Such is the position of Prof Terrence Deacon, who, in his current paper for PNAS, eloquently argues for a role for relaxed selection in the evolution of the language capacity. He’s been making these noises for a while now, as I previously mentioned here, with him also recognising evolutionary-similar processes in development. However, with the publication of this paper I think it’s about time I disseminated his current ideas in more detail, which, in my humble opinion, offers a more nuanced position than the strict modular adaptationism previously championed by Pinker et al (I say previously, because Pinker also has a paper in this issue, and I’m going to read it before making any claims about his current position on the matter).

At its core, Deacon’s proposal is that the relaxation of selection pressures allows genetic control to be offloaded onto epigenetic processes. This in turn allows for a greater influence of social transmission due to development being open to experiential modification. Our capacity for language, then, is a story of how developmental and evolutionary dynamics interact. As a recent post over at Babel’s Dawn notes, this is basically a three-phase scenario:

  1. Standard primate brain in which midbrain areas (older parts of the brain) control vocal emotional communications.
  2. A duplication of a section of the genome leads to “relaxed selection” and extensive cross talk between many cerebral cortical systems (newer parts of the brain).
  3. “Unmasked selection” fixes new functional coordination and drives the brain’s anatomical reorganization.

The first aspect we need to appreciate is how Darwinian-like processes operate at the developmental-level. Deacon cites many instances, such as the fine-tuning of axonal connection patterns in the developing nervous system, where developmental processes are achieved through selection-like operations. Importantly, though, the logic differs from natural selection in one respect: “selection of this sort is confined to differential preservation only, not differential reproduction. In this respect, it is like one generation of the operation of natural selection”.The point he’s trying to get across is that these intraselection processes are taking place right across nature. Take, for instance, the genus Spalax (the blind mole rat): during development its thalamic visual nucleus is dominated by brainstem auditory and somatic projections. This is because the blind mole rat has vestigial eyes (hence the name), with projections from their small retinas being out-competed in favour of somatic and auditory functions. As Deacon notes:

Experimental manipulations in other species, in which projections from one sensory modality are reduced in early development, likewise exhibit analogous takeover effects, and manipulations of the sensory periphery likewise demonstrate that intraselection adapts neural functional topography with respect to functional experience.

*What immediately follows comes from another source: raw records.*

(* Let $m\ge5$ be an odd integer and $h\ge1$ an integer, and set $n'=2^{m+h-2}-2^{m-2}-2^{\frac{m-1}{2}}$. Let $\mathbf{C}_0$ be a projective binary linear $[2^{m-2},m-1,2^{m-3}-2^{\frac{m-3}{2}}]_2$ code with maximum weight $2^{m-3}+2^{\frac{m-3}{2}}$, and let $\mathbf{C}_1$ be its simplex complementary code of dimension $m+h-1$, a $[2^{m+h-1}-2^{m-2}-1,\ m+h-1,\ 2^{m+h-2}-2^{m-3}-2^{\frac{m-3}{2}}]_2$ code with maximum weight $2^{m+h-2}$. Then the code $\mathbf{C}'$ obtained from $\mathbf{C}_1$ by the extension construction is a minimal binary linear $[2^{m+h-1}-2^{m-2}-1+n',\ m+h-1,\ 2^{m+h-2}-2^{m-3}-2^{\frac{m-3}{2}}]_2$ code with maximum weight $2^{m+h-1}-2^{m-2}-2^{\frac{m-1}{2}}$ (that is, $2^{m+h-2}+n'$), and it violates the Ashikhmin–Barg condition.
   Context: Projective code: columns of a generator matrix are nonzero and pairwise distinct (binary case). Simplex complementary code of dimension $K=k+h$ of a projective binary $[n,k]$ code: append $h$ zeros to the columns of a generator matrix and take the code generated by the matrix whose columns are all nonzero vectors of $\mathbf{F}_2^K$ other than these $n$. Extension construction for a binary $[N,K]$ code $\mathbf{D}$, $K\ge2$, with minimum nonzero weight $w_{min}$, maximum weight $w_{max}$ and $n'=2w_{min}-w_{max}\ge1$: choose a basis $\mathbf{r}_1,\dots,\mathbf{r}_K$ with $wt(\mathbf{r}_1)=w_{max}$, $wt(\mathbf{r}_2)=w_{min}$; the extended code is generated by $(\mathbf{1},\mathbf{r}_1),(\mathbf{0},\mathbf{r}_2),\dots,(\mathbf{0},\mathbf{r}_K)$ in $\mathbf{F}_2^{n'+N}$. Minimal code: nonzero codewords with nested supports are equal. Ashikhmin–Barg condition (binary): $w_{min}/w_{max}>1/2$. *)

theory Defs
  imports Complex_Main
begin

text \<open>Binary vectors of length N are functions nat \<Rightarrow> bool vanishing from index N on;
  True stands for 1 in F_2. Matrices are functions G i j (row i, column j).\<close>

type_synonym bvec = "nat \<Rightarrow> bool"

definition zvec :: bvec where "zvec = (\<lambda>_. False)"

definition vec_space :: "nat \<Rightarrow> bvec set" where
  "vec_space N = {v. \<forall>i\<ge>N. \<not> v i}"

definition vadd :: "bvec \<Rightarrow> bvec \<Rightarrow> bvec" where
  "vadd u v = (\<lambda>i. u i \<noteq> v i)"

definition supp :: "bvec \<Rightarrow> nat set" where "supp v = {i. v i}"

definition wt :: "bvec \<Rightarrow> nat" where "wt v = card (supp v)"

definition vsum :: "(nat \<Rightarrow> bvec) \<Rightarrow> nat set \<Rightarrow> bvec" where
  "vsum f A = (\<lambda>j. odd (card {i\<in>A. f i j}))"

definition lin_code :: "nat \<Rightarrow> bvec set \<Rightarrow> bool" where
  "lin_code N C \<longleftrightarrow> C \<subseteq> vec_space N \<and> zvec \<in> C \<and> (\<forall>u\<in>C. \<forall>v\<in>C. vadd u v \<in> C)"

definition wmin :: "bvec set \<Rightarrow> nat" where "wmin C = Min (wt ` (C - {zvec}))"
definition wmax :: "bvec set \<Rightarrow> nat" where "wmax C = Max (wt ` C)"

definition is_code :: "nat \<Rightarrow> nat \<Rightarrow> nat \<Rightarrow> bvec set \<Rightarrow> bool" where
  "is_code N k d C \<longleftrightarrow> lin_code N C \<and> card C = 2 ^ k \<and> wmin C = d"

definition mrow :: "nat \<Rightarrow> (nat \<Rightarrow> nat \<Rightarrow> bool) \<Rightarrow> nat \<Rightarrow> bvec" where
  "mrow N G i = (\<lambda>j. j < N \<and> G i j)"

definition mcol :: "nat \<Rightarrow> (nat \<Rightarrow> nat \<Rightarrow> bool) \<Rightarrow> nat \<Rightarrow> bvec" where
  "mcol k G j = (\<lambda>i. i < k \<and> G i j)"

definition span_vecs :: "nat \<Rightarrow> (nat \<Rightarrow> bvec) \<Rightarrow> bvec set" where
  "span_vecs k f = {vsum f A | A. A \<subseteq> {..<k}}"

definition lin_indep :: "nat \<Rightarrow> (nat \<Rightarrow> bvec) \<Rightarrow> bool" where
  "lin_indep k f \<longleftrightarrow> (\<forall>A \<subseteq> {..<k}. vsum f A = zvec \<longrightarrow> A = {})"

definition code_of :: "nat \<Rightarrow> nat \<Rightarrow> (nat \<Rightarrow> nat \<Rightarrow> bool) \<Rightarrow> bvec set" where
  "code_of k N G = span_vecs k (mrow N G)"

definition is_gen_matrix :: "nat \<Rightarrow> nat \<Rightarrow> (nat \<Rightarrow> nat \<Rightarrow> bool) \<Rightarrow> bvec set \<Rightarrow> bool" where
  "is_gen_matrix k N G C \<longleftrightarrow> lin_indep k (mrow N G) \<and> code_of k N G = C"

definition projective :: "nat \<Rightarrow> nat \<Rightarrow> bvec set \<Rightarrow> bool" where
  "projective N k C \<longleftrightarrow> (\<exists>G. is_gen_matrix k N G C \<and>
     (\<forall>j<N. mcol k G j \<noteq> zvec) \<and> inj_on (mcol k G) {..<N})"

text \<open>H (K x N1, K = k + h) is a generator matrix of the simplex complementary code of the
  code with k x n generator matrix G: its columns are exactly (once each) the nonzero vectors of
  F_2^K other than the columns of G padded with h zeros (padding is automatic in this encoding).\<close>
definition simplex_compl_matrix ::
  "nat \<Rightarrow> nat \<Rightarrow> (nat \<Rightarrow> nat \<Rightarrow> bool) \<Rightarrow> nat \<Rightarrow> nat \<Rightarrow> (nat \<Rightarrow> nat \<Rightarrow> bool) \<Rightarrow> bool" where
  "simplex_compl_matrix k n G h N1 H \<longleftrightarrow>
     bij_betw (mcol (k + h) H) {..<N1}
       ((vec_space (k + h) - {zvec}) - mcol k G ` {..<n})"

text \<open>Basis r 0, ..., r (K-1) of the code D (r 0 = r_1, r 1 = r_2 in the paper).\<close>
definition is_basis :: "nat \<Rightarrow> (nat \<Rightarrow> bvec) \<Rightarrow> bvec set \<Rightarrow> bool" where
  "is_basis K r D \<longleftrightarrow> lin_indep K r \<and> span_vecs K r = D"

definition ext_len :: "bvec set \<Rightarrow> nat" where
  "ext_len D = 2 * wmin D - wmax D"

text \<open>Extension construction: code of length n' + N generated by (1, r_1), (0, r_2), ..., (0, r_K).\<close>
definition extension_code :: "bvec set \<Rightarrow> nat \<Rightarrow> (nat \<Rightarrow> bvec) \<Rightarrow> bvec set" where
  "extension_code D K r = span_vecs K
     (\<lambda>i. \<lambda>j. if j < ext_len D then i = 0 else r i (j - ext_len D))"

definition minimal_code :: "bvec set \<Rightarrow> bool" where
  "minimal_code C \<longleftrightarrow> (\<forall>u\<in>C - {zvec}. \<forall>v\<in>C - {zvec}. supp u \<subseteq> supp v \<longrightarrow> u = v)"

definition ashikhmin_barg :: "bvec set \<Rightarrow> bool" where
  "ashikhmin_barg C \<longleftrightarrow> real (wmin C) / real (wmax C) > 1 / 2"

end

theory Submission
  imports Defs
begin

text \<open>
  For a nonzero message A \<subseteq> {..<K}, the weight of the codeword of the simplex complementary
  code C1 is the number of columns of H with odd inner product with A. These columns are the
  nonzero vectors of F_2^K other than the columns of G, and exactly half of F_2^K has odd inner
  product with A; so the weight is 2^(K-1) minus the weight of the codeword of C0 with message
  A \<inter> {..<k}. Hence wmax C1 = 2^(K-1) and wmin C1 = 2^(K-1) - wmax C0, and
  2 wmax C0 < 2^(K-1) gives wmax C1 < 2 wmin C1.

  The extension construction prepends n' = 2 wmin - wmax coordinates, equal to 1 exactly on the
  codewords whose message contains r_1. The minimum weight, attained by r_2, does not change,
  while the maximum weight becomes n' + wmax = 2 wmin, so the Ashikhmin-Barg condition fails.
  Minimality survives: nested supports in C' give nested supports in C1, which is minimal by the
  Ashikhmin-Barg condition, and the basis is independent.
\<close>

section \<open>Linear algebra over F_2\<close>

lemma odd_card_sym_diff:
  assumes "finite X" "finite Y"
  shows "odd (card (sym_diff X Y)) \<longleftrightarrow> odd (card X) \<noteq> odd (card Y)"
proof -
  have "card (sym_diff X Y) = card (X - Y) + card (Y - X)"
    using assms by (intro card_Un_disjoint) auto
  moreover have "card X = card (X \<inter> Y) + card (X - Y)" "card Y = card (X \<inter> Y) + card (Y - X)"
    using assms card_Int_Diff[of X Y] card_Int_Diff[of Y X] by (auto simp: Int_commute)
  ultimately show ?thesis by auto
qed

Such developmental flexibility is crucial in that it provides a general mechanism for natural selection to recruit in brain evolution. And as such, it is almost certainly relevant to the evolution of the human brain in relation to language. From this evodevo perspective, Deacon goes onto highlight how Darwinian processes characterising natural selection (replication, variation, and differential fitness) have analogous counterparts in intraorganismic processes (redundancy, degeneracy, and functional interdependencies):

First, they involve processes that produce functional integration and/or adaptation even though they are generated by mechanisms that are dissociated from this consequence. Second, they all involve the generation of redundant variant replicas of some prior form (gene, cell, connection, antibody, etc.) brought into interaction with each other and with an external context in a way that allows these differences to affect their subsequent distribution. And third, their preservation and expression are dependent on correlation with context.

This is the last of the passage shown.